True. I perused Mechanical Turk tasks some months ago, and was confronted by
an array of plaintive, useless demands to perform what amounts to unproductive
garbage picking for listless and disinterested college grad students running
unimaginative projects without a clue as to whether the requested task is even
possible.

It would be a request like:

    
    
      Gather phone numbers from
      this queue of web pages.
    

And they'd seem to have paid for a "database" of "leads" which was more than
likely an excel spreadsheet of "hyperlinks" categorized according to a search
query of keywords from the data provider.
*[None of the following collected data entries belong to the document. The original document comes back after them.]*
(* Let $A$ be a finite dimensional algebra over an algebraically closed field $F$ of characteristic zero and let $P_1$, $P_2$ be presentations of $A$ by full algebras. Let $T_1\cong(T_1)_{ss}\oplus J_{T_1}$ be a full summand of $P_1$ and $T_2\cong(T_2)_{ss}\oplus J_{T_2}$ a full summand of $P_2$ with $(T_1)_{ss}\cong(T_2)_{ss}\cong U$. Let $T_1'=U\oplus J_{T_1}\oplus J_{T_2}$ be the fusion of $T_1$ and $T_2$, i.e. the subalgebra of $T_1\times T_2$ consisting of all pairs $(u+j_1,\varphi(u)+j_2)$ with $u\in(T_1)_{ss}$, $j_1\in J_{T_1}$, $j_2\in J_{T_2}$, where $\varphi:(T_1)_{ss}\to(T_2)_{ss}$ is a fixed isomorphism. Let $P_1'$ be the direct sum of full algebras obtained from $P_1$ by replacing the summand $T_1$ by $T_1'$. Then $P_1'$ is a presentation of $A$.
   Context: For a finite dimensional algebra $T$ with Wedderburn–Malcev decomposition $T\cong T'_1\times\cdots\times T'_q\oplus J_T$, $T$ is full if, up to permuting simple components, $T'_1J_TT'_2\cdots J_TT'_q\neq0$. A presentation of $A$ by full algebras is a direct sum $T_1\oplus\cdots\oplus T_n$ of full algebras (with this decomposition fixed) which is PI-equivalent to $A$, i.e. has the same $T$-ideal of polynomial identities. *)

theory Defs
  imports "HOL-Computational_Algebra.Polynomial"
begin

record ('f, 'a) alg =
  acarrier :: "'a set"
  azero :: 'a
  aadd :: "'a \<Rightarrow> 'a \<Rightarrow> 'a"
  amul :: "'a \<Rightarrow> 'a \<Rightarrow> 'a"
  asmult :: "'f \<Rightarrow> 'a \<Rightarrow> 'a"

definition algebra :: "('f::field, 'a) alg \<Rightarrow> bool" where
  "algebra A \<longleftrightarrow>
     azero A \<in> acarrier A \<and>
     (\<forall>x\<in>acarrier A. \<forall>y\<in>acarrier A. aadd A x y \<in> acarrier A \<and> amul A x y \<in> acarrier A) \<and>
     (\<forall>c. \<forall>x\<in>acarrier A. asmult A c x \<in> acarrier A) \<and>
     (\<forall>x\<in>acarrier A. \<forall>y\<in>acarrier A. \<forall>z\<in>acarrier A.
        aadd A (aadd A x y) z = aadd A x (aadd A y z) \<and>
        amul A (amul A x y) z = amul A x (amul A y z) \<and>
        amul A x (aadd A y z) = aadd A (amul A x y) (amul A x z) \<and>
        amul A (aadd A x y) z = aadd A (amul A x z) (amul A y z)) \<and>
     (\<forall>x\<in>acarrier A. \<forall>y\<in>acarrier A. aadd A x y = aadd A y x) \<and>
     (\<forall>x\<in>acarrier A. aadd A (azero A) x = x) \<and>
     (\<forall>x\<in>acarrier A. \<exists>y\<in>acarrier A. aadd A x y = azero A) \<and>
     (\<forall>c d. \<forall>x\<in>acarrier A. \<forall>y\<in>acarrier A.
        asmult A c (aadd A x y) = aadd A (asmult A c x) (asmult A c y) \<and>
        asmult A (c + d) x = aadd A (asmult A c x) (asmult A d x) \<and>
        asmult A (c * d) x = asmult A c (asmult A d x) \<and>
        asmult A c (amul A x y) = amul A (asmult A c x) y \<and>
        asmult A c (amul A x y) = amul A x (asmult A c y)) \<and>
     (\<forall>x\<in>acarrier A. asmult A 1 x = x)"

definition lsum :: "('f, 'a) alg \<Rightarrow> 'a list \<Rightarrow> 'a" where
  "lsum A xs = foldr (aadd A) xs (azero A)"

fun lprod :: "('f, 'a) alg \<Rightarrow> 'a list \<Rightarrow> 'a" where
  "lprod A [] = azero A"
| "lprod A [x] = x"
| "lprod A (x # y # zs) = amul A x (lprod A (y # zs))"

definition fin_dim :: "('f::field, 'a) alg \<Rightarrow> bool" where
  "fin_dim A \<longleftrightarrow> (\<exists>bs. set bs \<subseteq> acarrier A \<and>
     (\<forall>x\<in>acarrier A. \<exists>cs. length cs = length bs \<and> x = lsum A (map2 (asmult A) cs bs)))"

definition subalgebra :: "('f, 'a) alg \<Rightarrow> 'a set \<Rightarrow> bool" where
  "subalgebra A S \<longleftrightarrow> S \<subseteq> acarrier A \<and> azero A \<in> S \<and>
     (\<forall>x\<in>S. \<forall>y\<in>S. aadd A x y \<in> S \<and> amul A x y \<in> S) \<and>
     (\<forall>c. \<forall>x\<in>S. asmult A c x \<in> S)"

definition sub :: "('f, 'a) alg \<Rightarrow> 'a set \<Rightarrow> ('f, 'a) alg" where
  "sub A S = A\<lparr>acarrier := S\<rparr>"

definition alg_ideal :: "('f, 'a) alg \<Rightarrow> 'a set \<Rightarrow> bool" where
  "alg_ideal A I \<longleftrightarrow> subalgebra A I \<and>
     (\<forall>x\<in>acarrier A. \<forall>y\<in>I. amul A x y \<in> I \<and> amul A y x \<in> I)"

definition nilpotent_set :: "('f, 'a) alg \<Rightarrow> 'a set \<Rightarrow> bool" where
  "nilpotent_set A I \<longleftrightarrow> (\<exists>m>0. \<forall>xs. length xs = m \<longrightarrow> set xs \<subseteq> I \<longrightarrow> lprod A xs = azero A)"

text \<open>Jacobson radical of a finite dimensional algebra: the largest nilpotent ideal
  (the union of all nilpotent ideals, which is itself a nilpotent ideal in finite dimension).\<close>
definition rad :: "('f, 'a) alg \<Rightarrow> 'a set" where
  "rad A = \<Union>{I. alg_ideal A I \<and> nilpotent_set A I}"

definition simple_alg :: "('f, 'a) alg \<Rightarrow> bool" where
  "simple_alg A \<longleftrightarrow> (\<exists>x\<in>acarrier A. \<exists>y\<in>acarrier A. amul A x y \<noteq> azero A) \<and>
     (\<forall>I. alg_ideal A I \<longrightarrow> I = {azero A} \<or> I = acarrier A)"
You get into the queue, and start pulling up each URL in series, and they're
all these expired domains with parked registrar pages for GoDaddy and Tucows
or whatever, Along with some Geocities, Angelfile, Tripod and AOL home pages
thrown in. Quickly, you get a sense that some fool of data science masters
program enrollee paid good money for a dusty, mouldering text file, didn't
even look at it, and dropped it right the fuck into a template for a
Mechanical Turk task.

Now, there are three immediately obvious courses of action. One, abort and
never again consider Mechanical Turk as a useful platform for operating an
exchange of effort for rewards. Two, plead with the task owner by reporting
feedback to them and ask them to stop for a moment and consider the flaws
inherent to this framing of a human activity deemed worthy of compensation.
Three, obey the letter of the law, and not the spirit, hold your nose, bellow
the words "you asked for it!" and proceed to fill the task with the tech
support numbers for all of the domain registrars, hoping that you'll not only
get paid for grifting on the task owner, but also possibly inundate all these
domain squatting registrars with robocalls trawling for psyche student surveys
and questionnaires that will attempt to publish similarly terrible research
papers designed with the intent to ostensibly "prove" a flawed hypothesis of
human behavior with results that couldn't possibly be replicated because the
hypothesis itself begs its own question.

Valuing my time, I just logged out, and haven't looked back since.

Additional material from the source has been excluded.